lemma fibre_length_strictly_concave:
  fixes K :: "'a::euclidean_space set"
  assumes "compact K" "strictly_convex_body K" "d \<noteq> 0"
  shows "strictly_concave_on (proj_along d ` K) (\<lambda>x. measure lborel (fibre d K x))"
  unfolding strictly_concave_on_def
proof (intro conjI ballI allI impI)
  have cK: "convex K" using strictly_convex_body_convex assms(2) by blast
  show cS: "convex (proj_along d ` K)" using cK linear_proj_along convex_linear_image by blast
  fix x y and u :: real
  assume xy: "x \<in> proj_along d ` K" "y \<in> proj_along d ` K" and "x \<noteq> y \<and> 0 < u \<and> u < 1"
  then have u: "x \<noteq> y" "0 < u" "u < 1" by auto
  let ?z = "(1 - u) *\<^sub>R x + u *\<^sub>R y"
  have orth: "d \<bullet> x = 0" "d \<bullet> y = 0" "d \<bullet> ?z = 0"
    using xy proj_along_orthogonal[OF assms(3)] by (auto simp: inner_add_right)
  have ne: "fibre d K x \<noteq> {}" "fibre d K y \<noteq> {}"
    using xy orth fibre_nonempty_iff[OF assms(3)] by auto
  obtain ax bx where X: "ax \<le> bx" "fibre d K x = {ax..bx}" "measure lborel (fibre d K x) = bx - ax"
    using fibre_interval[OF assms(1) cK assms(3) ne(1)] .
  obtain ay by' where Y: "ay \<le> by'" "fibre d K y = {ay..by'}" "measure lborel (fibre d K y) = by' - ay"
    using fibre_interval[OF assms(1) cK assms(3) ne(2)] .
  have comb: "\<exists>e>0. (1 - u) * s + u * t - e \<in> fibre d K ?z \<and> (1 - u) * s + u * t + e \<in> fibre d K ?z"
    if "s \<in> fibre d K x" "t \<in> fibre d K y" for s t
    by (rule fibre_slack[OF fibre_combination_interior[OF assms(2,3) orth(1,2) u(1) that u(2,3)]])
  obtain e1 where e1: "e1 > 0" "(1 - u) * bx + u * by' + e1 \<in> fibre d K ?z"
    using comb[of bx by'] X Y by auto
  obtain e2 where e2: "e2 > 0" "(1 - u) * ax + u * ay - e2 \<in> fibre d K ?z"
    using comb[of ax ay] X Y by auto
  have "((1 - u) * bx + u * by' + e1) - ((1 - u) * ax + u * ay - e2) \<le> measure lborel (fibre d K ?z)"
    by (rule fibre_length_ge[OF assms(1) cK assms(3) e2(2) e1(2)])
  moreover have "((1 - u) * bx + u * by' + e1) - ((1 - u) * ax + u * ay - e2)
      = (1 - u) * (bx - ax) + u * (by' - ay) + (e1 + e2)"
    by (simp add: algebra_simps)
  ultimately have "(1 - u) * (bx - ax) + u * (by' - ay) < measure lborel (fibre d K ?z)"
    using e1(1) e2(1) by linarith
  then show "measure lborel (fibre d K ?z)
      > (1 - u) * measure lborel (fibre d K x) + u * measure lborel (fibre d K y)"
    by (simp only: X(3) Y(3))
qed

lemma fibre_subset_iff:
  assumes "d \<noteq> 0" "d \<bullet> x = 0"
  shows "fibre d K x \<subseteq> I \<longleftrightarrow>
    x \<notin> proj_along d ` (K \<inter> (\<lambda>y. (d \<bullet> y) / (d \<bullet> d)) -` (- I))"
proof -
  have outside: "x \<in> proj_along d ` (K \<inter> (\<lambda>y. (d \<bullet> y) / (d \<bullet> d)) -` (- I))"
    if "t \<in> fibre d K x" "t \<notin> I" for t
    using that line_coordinate[OF assms, of t] proj_along_line[OF assms, of t]
    by (intro image_eqI[where x = "x + t *\<^sub>R d"]) (auto simp: fibre_def)
  have "\<exists>t. t \<in> fibre d K x \<and> t \<notin> I"
    if "x \<in> proj_along d ` (K \<inter> (\<lambda>y. (d \<bullet> y) / (d \<bullet> d)) -` (- I))"
    using that by (clarsimp simp: fibre_def) (metis proj_along_decomp)
  with outside show ?thesis by blast
qed

(* Upper semicontinuity of the fibre: by compactness, fibres over nearby points of the
  hyperplane stay within any neighbourhood of a bounding interval of the fibre over x0. *)
lemma fibre_eventually_within:
  fixes K :: "'a::euclidean_space set"
  assumes "compact K" "d \<noteq> 0" "d \<bullet> x0 = 0" "fibre d K x0 \<subseteq> {a..b}" "\<eta> > 0"
  shows "\<forall>\<^sub>F x in nhds x0. d \<bullet> x = 0 \<longrightarrow> fibre d K x \<subseteq> {a - \<eta>..b + \<eta>}"
proof -
  let ?coord = "\<lambda>y. (d \<bullet> y) / (d \<bullet> d)" and ?I = "{a - \<eta> <..< b + \<eta>}"
  let ?C = "proj_along d ` (K \<inter> ?coord -` (- ?I))"
  have "closed (?coord -` (- ?I))"
    by (intro closed_vimage closed_Compl open_greaterThanLessThan)
       (use assms(2) in \<open>auto intro!: continuous_intros\<close>)
  then have "compact (K \<inter> ?coord -` (- ?I))"
    by (rule compact_Int_closed[OF assms(1)])
  then have "closed ?C"
    by (intro compact_imp_closed shadow_compact)
  moreover have "x0 \<notin> ?C"
    using fibre_subset_iff[OF assms(2,3), where K = K and I = ?I] assms(4,5) by force
  ultimately have avoid: "\<forall>\<^sub>F x in nhds x0. x \<notin> ?C"
    using eventually_nhds_in_open[of "- ?C" x0] by auto
  have "fibre d K x \<subseteq> {a - \<eta>..b + \<eta>}" if "d \<bullet> x = 0" "x \<notin> ?C" for x
    using fibre_subset_iff[OF assms(2) that(1), where K = K and I = ?I] that(2) by auto
  then show ?thesis
    using avoid by (auto elim!: eventually_mono)
qed

lemma fibre_eventually_contains:
  fixes K :: "'a::real_normed_vector set"
  assumes "x0 + s *\<^sub>R d \<in> interior K"
  shows "\<forall>\<^sub>F x in nhds x0. s \<in> fibre d K x"
proof -
  have "open ((\<lambda>x. x + s *\<^sub>R d) -` interior K)"
    by (intro open_vimage open_interior continuous_intros)
  then have "\<forall>\<^sub>F x in nhds x0. x + s *\<^sub>R d \<in> interior K"
    using eventually_nhds_in_open[of "(\<lambda>x. x + s *\<^sub>R d) -` interior K" x0] assms by simp
  then show ?thesis
    using interior_subset by (auto simp: fibre_def elim!: eventually_mono)
qed

(* Consequently the fibre length is upper semicontinuous ... *)
lemma fibre_length_eventually_le:
  fixes K :: "'a::euclidean_space set"
  assumes "compact K" "convex K" "d \<noteq> 0" "d \<bullet> x0 = 0" "fibre d K x0 \<subseteq> {a..b}" "a \<le> b" "\<eta> > 0"
  shows "\<forall>\<^sub>F x in nhds x0. d \<bullet> x = 0 \<longrightarrow> measure lborel (fibre d K x) \<le> b - a + 2 * \<eta>"
proof -
  have "a - \<eta> \<le> b + \<eta>" using assms(6,7) by simp
  then have "measure lborel (fibre d K x) \<le> b - a + 2 * \<eta>"
    if "fibre d K x \<subseteq> {a - \<eta>..b + \<eta>}" for x
    using fibre_length_le[OF assms(1-3) that] by simp
  then show ?thesis
    using fibre_eventually_within[OF assms(1,3,4,5,7)] by (auto elim!: eventually_mono)
qed

(* ... and, for a strictly convex body, lower semicontinuous. *)
lemma fibre_length_eventually_ge:
  fixes K :: "'a::euclidean_space set"
  assumes "compact K" "strictly_convex_body K" "d \<noteq> 0" "fibre d K x0 = {a..b}" "\<eta> > 0"
  shows "\<forall>\<^sub>F x in nhds x0. b - a - 2 * \<eta> \<le> measure lborel (fibre d K x)"
proof (cases "a < b")
  case True
  have cK: "convex K" using strictly_convex_body_convex assms(2) by blast
  define \<eta>' where "\<eta>' = min \<eta> ((b - a) / 3)"
  have \<eta>': "0 < \<eta>'" "\<eta>' \<le> \<eta>" "a + \<eta>' < b - \<eta>'"
    using assms(5) True min.cobounded2[of \<eta> "(b - a) / 3"] by (auto simp: \<eta>'_def)
  have ends: "a \<in> fibre d K x0" "b \<in> fibre d K x0" using assms(4) True by auto
  have inner: "\<forall>\<^sub>F x in nhds x0. a + \<eta>' \<in> fibre d K x \<and> b - \<eta>' \<in> fibre d K x"
    using \<eta>' by (intro eventually_conj fibre_eventually_contains
        fibre_inner_point_interior[OF assms(2,3) ends]) auto
  have "b - a - 2 * \<eta> \<le> measure lborel (fibre d K x)"
    if "a + \<eta>' \<in> fibre d K x" "b - \<eta>' \<in> fibre d K x" for x
    using fibre_length_ge[OF assms(1) cK assms(3) that] \<eta>' by linarith
  then show ?thesis
    using inner by (auto elim!: eventually_mono)
next
  case False
  with assms(4,5) have "b - a - 2 * \<eta> \<le> 0" by simp
  then show ?thesis
    by (intro always_eventually allI) (auto intro: order_trans[OF _ measure_nonneg])
qed

lemma fibre_length_continuous_at:
  fixes K :: "'a::euclidean_space set"
  assumes K: "compact K" "strictly_convex_body K" and d: "d \<noteq> 0" "d \<bullet> x0 = 0" and "e > 0"
  shows "\<forall>\<^sub>F x in nhds x0. d \<bullet> x = 0 \<longrightarrow>
           \<bar>measure lborel (fibre d K x) - measure lborel (fibre d K x0)\<bar> < e"
proof (cases "x0 \<in> proj_along d ` K")
  case False
  have "closed (proj_along d ` K)" using shadow_compact[OF K(1)] compact_imp_closed by blast
  then have off: "\<forall>\<^sub>F x in nhds x0. x \<notin> proj_along d ` K"
    using False eventually_nhds_in_open[of "- proj_along d ` K" x0] by auto
  have empty: "fibre d K y = {}" if "d \<bullet> y = 0" "y \<notin> proj_along d ` K" for y
    using fibre_nonempty_iff[OF d(1) that(1)] that(2) by blast
  show ?thesis
    by (rule eventually_mono[OF off]) (use empty False d(2) \<open>e > 0\<close> in auto)
next
  case True
  have cK: "convex K" using strictly_convex_body_convex K(2) by blast
  have "fibre d K x0 \<noteq> {}" using True fibre_nonempty_iff[OF d] by blast
  then obtain a b where ab: "a \<le> b" "fibre d K x0 = {a..b}" "measure lborel (fibre d K x0) = b - a"
    by (rule fibre_interval[OF K(1) cK d(1)])
  have \<eta>: "e / 3 > 0" using \<open>e > 0\<close> by simp
  have upper: "\<forall>\<^sub>F x in nhds x0. d \<bullet> x = 0 \<longrightarrow> measure lborel (fibre d K x) \<le> b - a + 2 * (e / 3)"
    using fibre_length_eventually_le[OF K(1) cK d _ ab(1) \<eta>] ab(2) by simp
  have lower: "\<forall>\<^sub>F x in nhds x0. b - a - 2 * (e / 3) \<le> measure lborel (fibre d K x)"
    by (rule fibre_length_eventually_ge[OF K d(1) ab(2) \<eta>])
  show ?thesis
    by (rule eventually_mono[OF eventually_conj[OF upper lower]])
       (use ab(3) \<open>e > 0\<close> in \<open>auto simp: abs_less_iff\<close>)
qed

lemma fibre_length_continuous:
  fixes K :: "'a::euclidean_space set"
  assumes "compact K" "strictly_convex_body K" "d \<noteq> 0"
  shows "continuous_on {x. d \<bullet> x = 0} (\<lambda>x. measure lborel (fibre d K x))"
  unfolding continuous_on_def tendsto_iff eventually_at_filter dist_real_def
proof (intro ballI allI impI)
  fix x0 :: 'a and e :: real
  assume "x0 \<in> {x. d \<bullet> x = 0}" "e > 0"
  then show "\<forall>\<^sub>F x in nhds x0. x \<noteq> x0 \<longrightarrow> x \<in> {x. d \<bullet> x = 0} \<longrightarrow>
      \<bar>measure lborel (fibre d K x) - measure lborel (fibre d K x0)\<bar> < e"
    by (intro eventually_mono[OF fibre_length_continuous_at[OF assms]]) auto
qed

lemma strictly_concave_on_scale:
  assumes "strictly_concave_on S f" "c > 0"
  shows "strictly_concave_on S (\<lambda>x. c * f x)"
  unfolding strictly_concave_on_def
proof (intro conjI ballI allI impI)
  show "convex S" using assms(1) by (simp add: strictly_concave_on_def)
  fix x y and u :: real
  assume "x \<in> S" "y \<in> S" "x \<noteq> y \<and> 0 < u \<and> u < 1"
  then have "c * ((1 - u) * f x + u * f y) < c * f ((1 - u) *\<^sub>R x + u *\<^sub>R y)"
    using assms by (intro mult_strict_left_mono) (auto simp: strictly_concave_on_def)
  then show "(1 - u) * (c * f x) + u * (c * f y) < c * f ((1 - u) *\<^sub>R x + u *\<^sub>R y)"
    by (simp add: algebra_simps)
qed


lemma strictly_concave_by_derivative:
  fixes f f' :: "real \<Rightarrow> real"
  assumes der: "\<And>x. a \<le> x \<Longrightarrow> x \<le> b \<Longrightarrow> (f has_real_derivative f' x) (at x)"
    and dec: "\<And>x y. a \<le> x \<Longrightarrow> x < y \<Longrightarrow> y \<le> b \<Longrightarrow> f' y < f' x"
    and ab: "a < b" and u: "0 < u" "u < 1"
  shows "f ((1 - u) * a + u * b) > (1 - u) * f a + u * f b"
proof -
  define m where "m = (1 - u) * a + u * b"
  have ma: "m - a = u * (b - a)" and bm: "b - m = (1 - u) * (b - a)"
    by (simp_all add: m_def algebra_simps)
  have pos: "0 < u * (b - a)" "0 < (1 - u) * (b - a)"
    using u ab by simp_all
  have am: "a < m" "m < b"
    using pos unfolding ma [symmetric] bm [symmetric] by simp_all
  obtain z1 where z1: "a < z1" "z1 < m" "f m - f a = (m - a) * f' z1"
    using MVT2[OF am(1), of f f'] der am by auto
  obtain z2 where z2: "m < z2" "z2 < b" "f b - f m = (b - m) * f' z2"
    using MVT2[OF am(2), of f f'] der am by auto
  have "f m - ((1 - u) * f a + u * f b) = (1 - u) * (f m - f a) - u * (f b - f m)"
    by (simp add: algebra_simps)
  also have "\<dots> = (1 - u) * (u * (b - a) * f' z1) - u * ((1 - u) * (b - a) * f' z2)"
    using z1(3) z2(3) ma bm by simp
  also have "\<dots> = u * (1 - u) * (b - a) * (f' z1 - f' z2)"
    by (simp add: algebra_simps)
  also have "\<dots> > 0"
    using u ab dec[of z1 z2] z1 z2 by simp
  finally show ?thesis by (simp add: m_def)
qed

lemma sfun_pos: "0 < t \<Longrightarrow> t < 2 * pi \<Longrightarrow> sfun t > 0"
  by (simp add: sfun_def sin_gt_zero)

========

If a line in the records contains the string "avoid", copy it out.

> [ANSWER BOX]:
  ultimately have avoid: "\<forall>\<^sub>F x in nhds x0. x \<notin> ?C"
    using avoid by (auto elim!: eventually_mono)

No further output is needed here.